**WORK ITEM**
Search the entries below for "lambda", and copy each line where it appears.

**Stored data entries**
┌──
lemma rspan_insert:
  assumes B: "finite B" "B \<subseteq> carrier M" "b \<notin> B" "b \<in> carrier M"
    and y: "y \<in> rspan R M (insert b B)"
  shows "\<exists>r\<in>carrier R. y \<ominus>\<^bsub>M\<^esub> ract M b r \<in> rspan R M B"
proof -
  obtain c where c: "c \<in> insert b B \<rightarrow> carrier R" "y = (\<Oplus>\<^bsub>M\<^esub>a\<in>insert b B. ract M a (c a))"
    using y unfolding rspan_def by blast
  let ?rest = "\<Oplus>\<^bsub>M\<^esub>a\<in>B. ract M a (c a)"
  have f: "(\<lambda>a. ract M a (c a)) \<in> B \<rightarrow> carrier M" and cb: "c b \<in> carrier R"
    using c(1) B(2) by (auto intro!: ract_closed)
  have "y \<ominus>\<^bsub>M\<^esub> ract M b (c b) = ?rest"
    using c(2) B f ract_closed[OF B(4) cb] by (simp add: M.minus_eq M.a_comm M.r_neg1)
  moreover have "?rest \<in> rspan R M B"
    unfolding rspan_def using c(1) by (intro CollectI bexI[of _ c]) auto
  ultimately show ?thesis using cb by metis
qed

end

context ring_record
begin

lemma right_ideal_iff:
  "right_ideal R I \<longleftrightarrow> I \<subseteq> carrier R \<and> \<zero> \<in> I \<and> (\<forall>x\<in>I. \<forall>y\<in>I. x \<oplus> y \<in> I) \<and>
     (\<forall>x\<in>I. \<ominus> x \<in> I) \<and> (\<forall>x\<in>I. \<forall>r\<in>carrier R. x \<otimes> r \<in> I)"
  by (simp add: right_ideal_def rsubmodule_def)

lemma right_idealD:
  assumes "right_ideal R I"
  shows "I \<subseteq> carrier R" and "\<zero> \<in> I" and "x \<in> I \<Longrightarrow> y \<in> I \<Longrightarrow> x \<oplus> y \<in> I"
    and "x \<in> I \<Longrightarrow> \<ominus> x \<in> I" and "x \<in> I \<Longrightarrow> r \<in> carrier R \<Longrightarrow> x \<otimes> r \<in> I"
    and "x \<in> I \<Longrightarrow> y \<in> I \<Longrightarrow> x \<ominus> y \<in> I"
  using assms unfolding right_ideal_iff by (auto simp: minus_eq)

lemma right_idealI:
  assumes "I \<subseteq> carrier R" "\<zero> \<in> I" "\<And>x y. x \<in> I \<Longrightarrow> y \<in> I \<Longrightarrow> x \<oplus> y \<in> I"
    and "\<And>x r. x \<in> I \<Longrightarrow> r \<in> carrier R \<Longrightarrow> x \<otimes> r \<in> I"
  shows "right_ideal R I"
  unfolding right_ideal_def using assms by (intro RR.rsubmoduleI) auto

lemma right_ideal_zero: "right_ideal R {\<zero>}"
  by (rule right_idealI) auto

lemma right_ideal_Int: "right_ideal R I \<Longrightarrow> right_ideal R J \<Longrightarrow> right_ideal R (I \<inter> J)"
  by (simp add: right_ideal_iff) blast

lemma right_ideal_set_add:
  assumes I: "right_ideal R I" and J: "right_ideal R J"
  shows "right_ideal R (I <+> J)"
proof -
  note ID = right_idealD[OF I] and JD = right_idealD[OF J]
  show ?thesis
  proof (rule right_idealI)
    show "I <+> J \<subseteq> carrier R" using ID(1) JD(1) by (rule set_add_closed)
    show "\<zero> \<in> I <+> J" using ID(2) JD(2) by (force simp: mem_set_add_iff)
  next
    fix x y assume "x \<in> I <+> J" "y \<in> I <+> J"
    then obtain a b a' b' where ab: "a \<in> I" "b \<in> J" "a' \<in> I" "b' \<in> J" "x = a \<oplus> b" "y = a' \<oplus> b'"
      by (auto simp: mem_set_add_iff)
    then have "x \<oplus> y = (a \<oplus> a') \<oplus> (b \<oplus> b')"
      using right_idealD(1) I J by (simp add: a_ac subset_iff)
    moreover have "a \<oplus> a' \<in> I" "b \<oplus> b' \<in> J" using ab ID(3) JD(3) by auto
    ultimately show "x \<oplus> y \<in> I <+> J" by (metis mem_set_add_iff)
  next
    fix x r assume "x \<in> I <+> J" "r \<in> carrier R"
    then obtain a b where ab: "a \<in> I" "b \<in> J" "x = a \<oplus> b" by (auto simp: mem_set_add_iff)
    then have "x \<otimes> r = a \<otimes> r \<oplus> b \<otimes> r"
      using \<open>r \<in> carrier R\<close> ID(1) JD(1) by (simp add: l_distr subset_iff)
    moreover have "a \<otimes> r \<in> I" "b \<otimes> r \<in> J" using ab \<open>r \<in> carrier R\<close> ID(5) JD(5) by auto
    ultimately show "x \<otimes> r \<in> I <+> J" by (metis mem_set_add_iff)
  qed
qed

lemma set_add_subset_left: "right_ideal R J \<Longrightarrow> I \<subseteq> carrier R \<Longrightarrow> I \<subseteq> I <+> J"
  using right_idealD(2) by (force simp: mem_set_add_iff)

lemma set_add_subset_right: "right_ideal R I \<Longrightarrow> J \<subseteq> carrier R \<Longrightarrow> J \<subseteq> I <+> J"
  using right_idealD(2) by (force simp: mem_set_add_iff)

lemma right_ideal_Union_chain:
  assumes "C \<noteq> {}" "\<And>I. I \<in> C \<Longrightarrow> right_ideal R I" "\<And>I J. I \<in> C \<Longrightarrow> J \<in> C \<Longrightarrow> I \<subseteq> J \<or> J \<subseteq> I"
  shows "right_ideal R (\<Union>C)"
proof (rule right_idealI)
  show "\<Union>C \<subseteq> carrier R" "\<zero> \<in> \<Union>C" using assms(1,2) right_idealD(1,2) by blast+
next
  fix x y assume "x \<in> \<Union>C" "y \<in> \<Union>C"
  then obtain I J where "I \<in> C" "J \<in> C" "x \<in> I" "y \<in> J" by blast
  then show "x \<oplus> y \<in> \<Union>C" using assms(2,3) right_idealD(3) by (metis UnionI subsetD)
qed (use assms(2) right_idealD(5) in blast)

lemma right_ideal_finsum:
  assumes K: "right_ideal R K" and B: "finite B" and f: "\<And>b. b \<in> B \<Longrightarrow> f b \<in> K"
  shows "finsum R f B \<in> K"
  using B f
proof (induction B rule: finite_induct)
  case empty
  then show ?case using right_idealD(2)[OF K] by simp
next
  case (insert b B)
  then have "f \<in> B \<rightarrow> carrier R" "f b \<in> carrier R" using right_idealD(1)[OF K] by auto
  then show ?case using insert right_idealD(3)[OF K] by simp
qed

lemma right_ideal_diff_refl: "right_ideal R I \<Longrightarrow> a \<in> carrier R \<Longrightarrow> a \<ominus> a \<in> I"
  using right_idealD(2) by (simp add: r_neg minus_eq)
└──
┌──
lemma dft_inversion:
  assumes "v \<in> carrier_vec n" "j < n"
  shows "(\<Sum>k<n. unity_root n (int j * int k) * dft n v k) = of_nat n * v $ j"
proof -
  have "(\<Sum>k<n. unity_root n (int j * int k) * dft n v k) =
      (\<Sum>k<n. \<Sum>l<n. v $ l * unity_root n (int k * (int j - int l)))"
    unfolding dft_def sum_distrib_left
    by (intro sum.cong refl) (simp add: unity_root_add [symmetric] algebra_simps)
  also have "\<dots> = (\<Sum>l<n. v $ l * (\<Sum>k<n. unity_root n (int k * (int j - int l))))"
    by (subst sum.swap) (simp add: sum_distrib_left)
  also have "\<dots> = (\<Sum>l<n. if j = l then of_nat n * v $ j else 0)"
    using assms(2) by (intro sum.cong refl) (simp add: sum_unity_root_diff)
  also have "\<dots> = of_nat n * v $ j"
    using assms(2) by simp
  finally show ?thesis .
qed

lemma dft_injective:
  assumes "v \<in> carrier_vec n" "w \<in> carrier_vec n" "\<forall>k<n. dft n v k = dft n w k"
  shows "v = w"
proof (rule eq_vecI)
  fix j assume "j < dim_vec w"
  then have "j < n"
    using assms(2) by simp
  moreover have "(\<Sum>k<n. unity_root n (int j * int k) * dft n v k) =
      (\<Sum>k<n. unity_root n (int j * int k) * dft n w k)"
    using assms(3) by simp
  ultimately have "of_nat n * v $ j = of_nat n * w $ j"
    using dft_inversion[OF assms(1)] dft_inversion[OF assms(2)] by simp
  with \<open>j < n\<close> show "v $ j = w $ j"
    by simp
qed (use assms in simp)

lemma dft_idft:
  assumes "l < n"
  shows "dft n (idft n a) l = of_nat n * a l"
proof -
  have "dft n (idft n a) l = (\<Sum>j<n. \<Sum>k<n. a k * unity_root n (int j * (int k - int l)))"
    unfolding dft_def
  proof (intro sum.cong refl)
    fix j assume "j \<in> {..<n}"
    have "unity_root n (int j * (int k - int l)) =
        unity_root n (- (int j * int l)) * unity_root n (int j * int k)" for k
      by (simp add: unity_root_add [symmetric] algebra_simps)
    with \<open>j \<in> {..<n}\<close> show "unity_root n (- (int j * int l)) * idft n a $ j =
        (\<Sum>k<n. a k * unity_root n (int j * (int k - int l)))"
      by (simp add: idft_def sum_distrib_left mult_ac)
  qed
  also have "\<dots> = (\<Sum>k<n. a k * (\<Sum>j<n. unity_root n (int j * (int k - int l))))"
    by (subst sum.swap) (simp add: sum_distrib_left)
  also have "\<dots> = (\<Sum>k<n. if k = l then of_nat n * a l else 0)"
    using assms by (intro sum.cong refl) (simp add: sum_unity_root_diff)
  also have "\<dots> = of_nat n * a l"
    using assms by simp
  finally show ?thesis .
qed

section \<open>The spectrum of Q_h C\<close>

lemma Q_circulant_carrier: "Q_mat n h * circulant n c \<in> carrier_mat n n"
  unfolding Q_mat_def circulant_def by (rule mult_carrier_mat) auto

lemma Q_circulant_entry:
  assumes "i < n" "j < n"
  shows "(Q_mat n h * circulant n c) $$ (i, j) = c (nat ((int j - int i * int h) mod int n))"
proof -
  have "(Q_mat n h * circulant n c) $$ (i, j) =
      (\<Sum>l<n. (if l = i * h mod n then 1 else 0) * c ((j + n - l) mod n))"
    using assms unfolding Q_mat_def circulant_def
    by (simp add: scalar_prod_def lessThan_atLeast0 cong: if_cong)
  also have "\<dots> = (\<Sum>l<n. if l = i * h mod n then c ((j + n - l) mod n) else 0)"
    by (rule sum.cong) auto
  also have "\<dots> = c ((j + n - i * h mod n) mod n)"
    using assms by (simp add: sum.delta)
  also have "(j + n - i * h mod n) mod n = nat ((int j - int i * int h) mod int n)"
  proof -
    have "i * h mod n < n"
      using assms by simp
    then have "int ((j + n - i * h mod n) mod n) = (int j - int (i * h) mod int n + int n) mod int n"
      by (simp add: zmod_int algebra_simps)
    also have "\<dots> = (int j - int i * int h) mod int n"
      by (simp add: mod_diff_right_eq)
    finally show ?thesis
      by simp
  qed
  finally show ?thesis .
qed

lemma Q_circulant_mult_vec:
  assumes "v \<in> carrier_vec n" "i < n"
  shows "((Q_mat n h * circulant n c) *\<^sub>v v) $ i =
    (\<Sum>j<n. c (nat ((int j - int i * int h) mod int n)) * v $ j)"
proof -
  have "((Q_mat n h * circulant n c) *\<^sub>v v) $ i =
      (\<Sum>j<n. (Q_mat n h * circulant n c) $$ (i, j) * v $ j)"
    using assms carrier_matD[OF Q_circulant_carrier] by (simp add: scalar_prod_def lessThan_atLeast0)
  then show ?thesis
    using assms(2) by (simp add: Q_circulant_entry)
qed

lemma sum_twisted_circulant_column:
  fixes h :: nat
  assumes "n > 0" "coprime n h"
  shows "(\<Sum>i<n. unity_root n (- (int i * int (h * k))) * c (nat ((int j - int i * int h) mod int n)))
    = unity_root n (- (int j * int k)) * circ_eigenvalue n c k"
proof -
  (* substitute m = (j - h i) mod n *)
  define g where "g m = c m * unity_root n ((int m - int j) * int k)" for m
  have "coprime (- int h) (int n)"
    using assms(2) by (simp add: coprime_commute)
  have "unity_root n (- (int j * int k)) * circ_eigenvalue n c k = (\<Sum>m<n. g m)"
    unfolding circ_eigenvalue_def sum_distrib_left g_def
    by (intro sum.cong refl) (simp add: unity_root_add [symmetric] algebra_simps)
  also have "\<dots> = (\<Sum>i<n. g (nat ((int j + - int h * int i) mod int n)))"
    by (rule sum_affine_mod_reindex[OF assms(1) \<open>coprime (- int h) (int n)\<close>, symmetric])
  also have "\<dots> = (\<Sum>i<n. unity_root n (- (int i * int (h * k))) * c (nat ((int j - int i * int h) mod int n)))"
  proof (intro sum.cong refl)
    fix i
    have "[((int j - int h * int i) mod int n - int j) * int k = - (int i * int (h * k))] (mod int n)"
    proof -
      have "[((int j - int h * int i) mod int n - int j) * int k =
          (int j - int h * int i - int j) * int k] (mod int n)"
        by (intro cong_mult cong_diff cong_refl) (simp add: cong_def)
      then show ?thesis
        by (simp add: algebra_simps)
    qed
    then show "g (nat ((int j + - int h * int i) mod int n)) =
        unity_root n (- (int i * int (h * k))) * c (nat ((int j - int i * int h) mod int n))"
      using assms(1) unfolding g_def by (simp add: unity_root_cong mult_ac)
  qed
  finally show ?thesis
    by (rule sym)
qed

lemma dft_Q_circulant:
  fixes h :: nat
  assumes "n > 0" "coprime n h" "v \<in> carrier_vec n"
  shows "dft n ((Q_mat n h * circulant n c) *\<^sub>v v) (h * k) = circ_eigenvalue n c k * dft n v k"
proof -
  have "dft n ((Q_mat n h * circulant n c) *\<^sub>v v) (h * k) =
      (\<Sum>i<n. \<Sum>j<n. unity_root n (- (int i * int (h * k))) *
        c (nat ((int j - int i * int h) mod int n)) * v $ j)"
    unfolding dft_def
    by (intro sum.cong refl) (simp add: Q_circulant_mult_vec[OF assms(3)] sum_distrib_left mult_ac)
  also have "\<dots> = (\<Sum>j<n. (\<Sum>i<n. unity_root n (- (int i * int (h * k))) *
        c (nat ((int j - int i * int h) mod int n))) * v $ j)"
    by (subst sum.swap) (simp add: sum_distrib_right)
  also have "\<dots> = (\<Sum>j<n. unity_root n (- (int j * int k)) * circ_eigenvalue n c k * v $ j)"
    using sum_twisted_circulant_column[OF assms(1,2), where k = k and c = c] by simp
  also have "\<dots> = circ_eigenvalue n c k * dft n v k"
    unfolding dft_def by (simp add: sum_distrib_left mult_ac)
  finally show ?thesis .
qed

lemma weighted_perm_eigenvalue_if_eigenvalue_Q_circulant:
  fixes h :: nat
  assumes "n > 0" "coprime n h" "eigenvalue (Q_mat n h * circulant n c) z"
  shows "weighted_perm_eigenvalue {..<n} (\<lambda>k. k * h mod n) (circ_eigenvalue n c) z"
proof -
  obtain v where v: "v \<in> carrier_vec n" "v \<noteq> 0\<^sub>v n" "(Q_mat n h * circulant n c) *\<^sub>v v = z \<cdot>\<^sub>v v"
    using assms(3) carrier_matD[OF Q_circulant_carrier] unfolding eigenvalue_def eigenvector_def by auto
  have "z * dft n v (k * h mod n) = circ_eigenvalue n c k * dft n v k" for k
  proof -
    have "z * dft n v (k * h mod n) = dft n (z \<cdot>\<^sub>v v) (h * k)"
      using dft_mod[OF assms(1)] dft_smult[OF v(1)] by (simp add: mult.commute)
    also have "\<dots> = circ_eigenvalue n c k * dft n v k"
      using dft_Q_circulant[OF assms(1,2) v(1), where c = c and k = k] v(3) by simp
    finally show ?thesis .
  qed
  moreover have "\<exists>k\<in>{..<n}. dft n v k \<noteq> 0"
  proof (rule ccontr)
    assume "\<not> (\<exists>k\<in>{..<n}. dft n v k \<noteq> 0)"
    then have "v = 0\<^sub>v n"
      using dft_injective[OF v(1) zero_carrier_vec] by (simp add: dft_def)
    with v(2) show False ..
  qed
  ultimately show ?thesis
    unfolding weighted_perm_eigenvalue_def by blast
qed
└──
**RESULT**
  have f: "(\<lambda>a. ract M a (c a)) \<in> B \<rightarrow> carrier M" and cb: "c b \<in> carrier R"
  shows "weighted_perm_eigenvalue {..<n} (\<lambda>k. k * h mod n) (circ_eigenvalue n c) z"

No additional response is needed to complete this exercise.